Short Form 36 and Short Form 12
The Short Form 36 (SF-36) is the most commonly used tool in orthopedic surgery and clinical medicine to assess general health-related quality of life. This tool measures eight health concepts: physical functioning (10 items), social functioning (two items), role limitations due to physical problems (four items), role limitations due to emotional problems (three items), mental health (five items), energy/fatigue (four items), bodily pain (two items), and general health perception (five items). The reliability, validity, and responsiveness of the SF-36 for conditions of the upper extremity has been demonstrated. An abbreviated version of the SF-36, Short Form 12, has been developed and has been validated to a lesser extent for use in a variety of shoulder conditions, with good correlation to the longer version.

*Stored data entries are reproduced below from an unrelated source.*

(* Let $N,M,r$ be positive integers and let $\xi^{1},\dots,\xi^{M}\in\{-1,+1\}^{N}$ be memory-vectors such that the Hamming distance between any two distinct memory-vectors is at least $\tau N$ for some $\tau>0$. Let $0<\rho<\frac{\tau}{2}$ and suppose $M\le \exp(2N(\tau-2\rho))\frac{1-e^{-2}}{2e^{2}}$. Let $E_{\mathrm{rand}}$ be the compact associative memory energy defined in the context, with FAVOR++ parameter $s\in(0,1)$ and constants $\widehat A,B,D$ as defined there. Fix $l\in\{1,\dots,M\}$, an input $\widehat{\xi}^{l}\in\{-1,+1\}^N$ at Hamming distance at most $\rho N$ from $\xi^l$, and a coordinate $i$; let $\tilde{\xi}^{l}$ be $\widehat{\xi}^{l}$ with its $i$-th coordinate negated and $\Delta(E_{\mathrm{rand}})=E_{\mathrm{rand}}(\tilde{\xi}^{l};\xi^1,\dots,\xi^M)-E_{\mathrm{rand}}(\widehat{\xi}^{l};\xi^1,\dots,\xi^M)$. Then (i) if $\widehat{\xi}^{l}_i=\xi^{l}_i$ then $\mathbb E[\Delta(E_{\mathrm{rand}})]>0$, and if $\widehat{\xi}^{l}_i=-\xi^{l}_i$ then $\mathbb E[\Delta(E_{\mathrm{rand}})]<0$; and (ii) $$\mathrm{Var}(\Delta(E_{\mathrm{rand}}))=\frac1r\big(V_1+V_2-2V_3-V_4-V_5+2V_6\big),$$ where, with all sums over $\mu_1,\mu_2\in\{1,\dots,M\}$, $V_1=\sum\Psi(\xi^{\mu_1}+\xi^{\mu_2}+2\widehat\xi^l)$, $V_2=\sum\Psi(\xi^{\mu_1}+\xi^{\mu_2}+2\tilde\xi^l)$, $V_3=\sum\Psi(\xi^{\mu_1}+\xi^{\mu_2}+\widehat\xi^l+\tilde\xi^l)$, $V_4=\sum\exp((\xi^{\mu_1})^\top\widehat\xi^l)\exp((\xi^{\mu_2})^\top\widehat\xi^l)$, $V_5=\sum\exp((\xi^{\mu_1})^\top\tilde\xi^l)\exp((\xi^{\mu_2})^\top\tilde\xi^l)$, $V_6=\sum\exp((\xi^{\mu_1})^\top\widehat\xi^l)\exp((\xi^{\mu_2})^\top\tilde\xi^l)$, and $$\Psi(\mathbf x)=D^{4}\exp(-2N)(1+8\widehat A)^{-N/2}\exp\Big(\frac{B^{2}}{2(1+8\widehat A)}\|\mathbf x\|^{2}\Big).$$
   Context: FAVOR++ random features: fix a parameter $s\in(0,1)$ and set $A=1-\frac{1}{s}$, $\widehat A=-A>0$, $B=\sqrt{1+4\widehat A}$, $C=-\frac12$, $D=(1+4\widehat A)^{N/4}$. For i.i.d. $\omega_1,\dots,\omega_r\sim\mathcal N(0,\mathbf I_N)$ define $\phi_{F++}:\mathbb R^N\to\mathbb R^r$ by $$\phi_{F++}(\mathbf z)=\frac{D}{\sqrt r}\Big(\exp\big(-\widehat A\|\omega_k\|_2^2+B\,\omega_k^\top\mathbf z+C\|\mathbf z\|_2^2\big)\Big)_{k=1}^{r}.$$ The compact associative memory energy of an input $\xi\in\{-1,+1\}^N$ given memories $\xi^1,\dots,\xi^M$ is $$E_{\mathrm{rand}}(\xi;\xi^1,\dots,\xi^M)=\phi_{F++}(\xi)^\top\mathbf M,\qquad \mathbf M=-\sum_{\mu=1}^{M}\phi_{F++}(\xi^{\mu}),$$ with the same random vectors $\omega_k$ used throughout; expectations and variances are over $\omega_1,\dots,\omega_r$. *)

theory Defs
  imports "HOL-Probability.Probability"
begin

text \<open>Vectors in R^N are represented as functions nat => real; only the
coordinates j < N are relevant.\<close>

definition dotN :: "nat \<Rightarrow> (nat \<Rightarrow> real) \<Rightarrow> (nat \<Rightarrow> real) \<Rightarrow> real" where
  "dotN N x y = (\<Sum>j<N. x j * y j)"

definition sqnormN :: "nat \<Rightarrow> (nat \<Rightarrow> real) \<Rightarrow> real" where
  "sqnormN N x = (\<Sum>j<N. (x j)\<^sup>2)"

definition pm1_vec :: "nat \<Rightarrow> (nat \<Rightarrow> real) \<Rightarrow> bool" where
  "pm1_vec N x \<longleftrightarrow> (\<forall>j<N. x j = 1 \<or> x j = -1)"

definition hamming :: "nat \<Rightarrow> (nat \<Rightarrow> real) \<Rightarrow> (nat \<Rightarrow> real) \<Rightarrow> nat" where
  "hamming N x y = card {j. j < N \<and> x j \<noteq> y j}"

definition flip_coord :: "nat \<Rightarrow> (nat \<Rightarrow> real) \<Rightarrow> (nat \<Rightarrow> real)" where
  "flip_coord i x = (\<lambda>j. if j = i then - x j else x j)"

definition Ahat :: "real \<Rightarrow> real" where "Ahat s = -(1 - 1 / s)"
definition Bc :: "real \<Rightarrow> real" where "Bc s = sqrt (1 + 4 * Ahat s)"
definition Cc :: real where "Cc = -1/2"
definition Dc :: "real \<Rightarrow> nat \<Rightarrow> real" where "Dc s N = (1 + 4 * Ahat s) powr (real N / 4)"

text \<open>Sample space: omega (k, j) is the j-th coordinate of the k-th random vector
omega_k, for k < r and j < N; all coordinates i.i.d. standard normal.\<close>
definition gauss_space :: "nat \<Rightarrow> nat \<Rightarrow> (nat \<times> nat \<Rightarrow> real) measure" where
  "gauss_space N r = PiM ({..<r} \<times> {..<N}) (\<lambda>_. std_normal_distribution)"

definition omega_vec :: "(nat \<times> nat \<Rightarrow> real) \<Rightarrow> nat \<Rightarrow> (nat \<Rightarrow> real)" where
  "omega_vec \<omega> k = (\<lambda>j. \<omega> (k, j))"

definition phi_fpp :: "real \<Rightarrow> nat \<Rightarrow> nat \<Rightarrow> (nat \<times> nat \<Rightarrow> real) \<Rightarrow> (nat \<Rightarrow> real) \<Rightarrow> nat \<Rightarrow> real" where
  "phi_fpp s N r \<omega> z k = Dc s N / sqrt (real r) *
     exp (- Ahat s * sqnormN N (omega_vec \<omega> k) + Bc s * dotN N (omega_vec \<omega> k) z + Cc * sqnormN N z)"

definition E_rand :: "real \<Rightarrow> nat \<Rightarrow> nat \<Rightarrow> (nat \<times> nat \<Rightarrow> real) \<Rightarrow> nat \<Rightarrow> (nat \<Rightarrow> nat \<Rightarrow> real)
    \<Rightarrow> (nat \<Rightarrow> real) \<Rightarrow> real" where
  "E_rand s N r \<omega> M mem x =
     (\<Sum>k<r. phi_fpp s N r \<omega> x k * (- (\<Sum>\<mu>\<in>{1..M}. phi_fpp s N r \<omega> (mem \<mu>) k)))"

definition expect :: "'a measure \<Rightarrow> ('a \<Rightarrow> real) \<Rightarrow> real" where
  "expect W X = integral\<^sup>L W X"

definition var :: "'a measure \<Rightarrow> ('a \<Rightarrow> real) \<Rightarrow> real" where
  "var W X = integral\<^sup>L W (\<lambda>\<omega>. (X \<omega> - expect W X)\<^sup>2)"

definition Psi :: "real \<Rightarrow> nat \<Rightarrow> (nat \<Rightarrow> real) \<Rightarrow> real" where
  "Psi s N x = Dc s N ^ 4 * exp (- 2 * real N) * (1 + 8 * Ahat s) powr (- real N / 2)
      * exp ((Bc s)\<^sup>2 / (2 * (1 + 8 * Ahat s)) * sqnormN N x)"

end

theory Submission
  imports Defs
begin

EuroQol 5 Dimensions Questionnaire
The EuroQol group was founded in 1987 and is described as “an international group of researchers dedicated to the measurement of health outcome.” Initially a European collaboration, there are now active members worldwide. The evolution of their efforts eventually resulted in the development of the EuroQol 5 Dimensions Questionnaire (EQ-5D), which is an internationally validated general measure of health-related quality of life. The EQ-5D consists of a questionnaire and a self-rated health status assessment using a visual analogue scale (EQ-VAS). The self-assessment questionnaire evaluates the patient’s current health in five dimensions: mobility, self-care, usual activities, pain/discomfort, and anxiety/depression. The patient is asked to grade his or her current level of function for each dimension into one of three degrees of disability (severe, moderate, or none). The combination of these grades with the conditions “death” and “unconscious” enables description of 245 different health states. Each health state can be ranked and transformed into a single score (known as the health utility score). The utility score is an expression of the Quality Adjusted Life Years and is commonly used to make evidence-based decisions in analyses of cost effectiveness. Therefore the EQ-5D can be used for health outcomes and economic studies, making it a highly useful and versatile tool for health outcomes and quality improvement research.
The EQ-5D has been used in multiple shoulder studies, and while it is more commonly used in Europe, its use is increasing in North America. One criticism of the EQ-5D is that it may not have high enough responsiveness to detect small but clinically relevant differences in health status.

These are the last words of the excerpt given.